Haida:
Aseguang.
Cumshawa.
Kayung.
Kung.
Kunχit.
Massett.
New Gold Harbor.
Skedan.
Skiteiget.
Tanu.
Tartanee.
Uttewas.
Kaigani:
Chatcheeni.
Clickass.
Howakan.
Quiahanless.
Shakan.

[Population.—]The population of the Haida is 2,500, none of whom are at present under an agent.

[TAKILMAN FAMILY.]

= Takilma, Gatschet in Mag. Am. Hist., 1882 (Lower Rogue River).

This name was proposed by Mr. Gatschet for a distinct language spoken on the coast of Oregon about the lower Rogue River. Mr. Dorsey obtained a vocabulary in 1884 which he has compared with Athapascan, Kusan, Yakonan, and other languages spoken in the region without finding any marked resemblances. The family is hence admitted provisionally. The language appears to be spoken by but a single tribe, although there is a manuscript vocabulary in the Bureau of Ethnology exhibiting certain differences which may be dialectic.

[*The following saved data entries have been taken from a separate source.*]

lemma monomial_mat_inverse:
  fixes e :: "'n::finite \<Rightarrow> 'a::field"
  assumes "bij \<sigma>" "\<And>i. e i \<noteq> 0"
  shows "monomial_mat \<sigma> e ** monomial_mat (inv \<sigma>) (\<lambda>j. inverse (e (inv \<sigma> j))) = mat 1"
proof -
  have "inv \<sigma> \<circ> \<sigma> = id" and "\<And>i. inv \<sigma> (\<sigma> i) = i"
    using assms(1) by (simp_all add: bij_is_inj)
  then show ?thesis
    using assms(2) by (simp add: monomial_mat_mult flip: monomial_mat_id_one)
qed

lemma invertible_monomial_mat:
  fixes e :: "'n::finite \<Rightarrow> 'a::field"
  assumes "bij \<sigma>" "\<And>i. e i \<noteq> 0"
  shows "invertible (monomial_mat \<sigma> e)"
  unfolding invertible_right_inverse using monomial_mat_inverse[OF assms] by (rule exI)

definition add_row_mat :: "'n \<Rightarrow> ('n \<Rightarrow> 'a::zero_neq_one) \<Rightarrow> 'a^'n^'n" where
  "add_row_mat i0 c = (\<chi> a b. if a = b then 1 else if b = i0 then c a else 0)"

definition add_col_mat :: "'n \<Rightarrow> ('n \<Rightarrow> 'a::zero_neq_one) \<Rightarrow> 'a^'n^'n" where
  "add_col_mat j0 d = (\<chi> a b. if a = b then 1 else if a = j0 then d b else 0)"

lemma add_row_mat_mult_entry:
  fixes A :: "'a::comm_ring_1^'n::finite^'n"
  shows "(add_row_mat i0 c ** A) $ a $ b = A $ a $ b + (if a \<noteq> i0 then c a * A $ i0 $ b else 0)"
proof -
  have "(\<Sum>k\<in>UNIV. (if a = k then 1 else if k = i0 then c a else 0) * A $ k $ b)
      = (\<Sum>k\<in>UNIV. (if a = k then A $ k $ b else 0) + (if a \<noteq> i0 \<and> k = i0 then c a * A $ k $ b else 0))"
    by (rule sum.cong) auto
  then show ?thesis
    by (simp add: add_row_mat_def matrix_matrix_mult_def sum.distrib)
qed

[GEOGRAPHIC DISTRIBUTION.]

The Takilma formerly dwelt in villages along upper Rogue River, Oregon, all the latter, with one exception, being on the south side, from Illinois River on the southwest, to Deep Rock, which was nearer the head of the stream. They are now included among the “Rogue River Indians,” and they reside to the number of twenty-seven on the Siletz Reservation, Tillamook County, Oregon, where Dorsey found them in 1884.

[TAÑOAN FAMILY.]

> Tay-waugh, Lane (1854) in Schoolcraft, Ind. Tribes, V. 689, 1855 (Pueblos of San Juan, Santa Clara, Pojuaque, Nambe. San Il de Conso, and one Moqui pueblo). Keane, App. Stanford’s Comp. (Cent, and So. Am.), 479, 1878.

> Taño, Powell in Rocky Mountain Presbyterian, Nov., 1878 (includes Sandia, Téwa, San Ildefonso, San Juan, Santa Clara, Pojoaque, Nambé, Tesuque, Sinecú, Jemez, Taos, Picuri).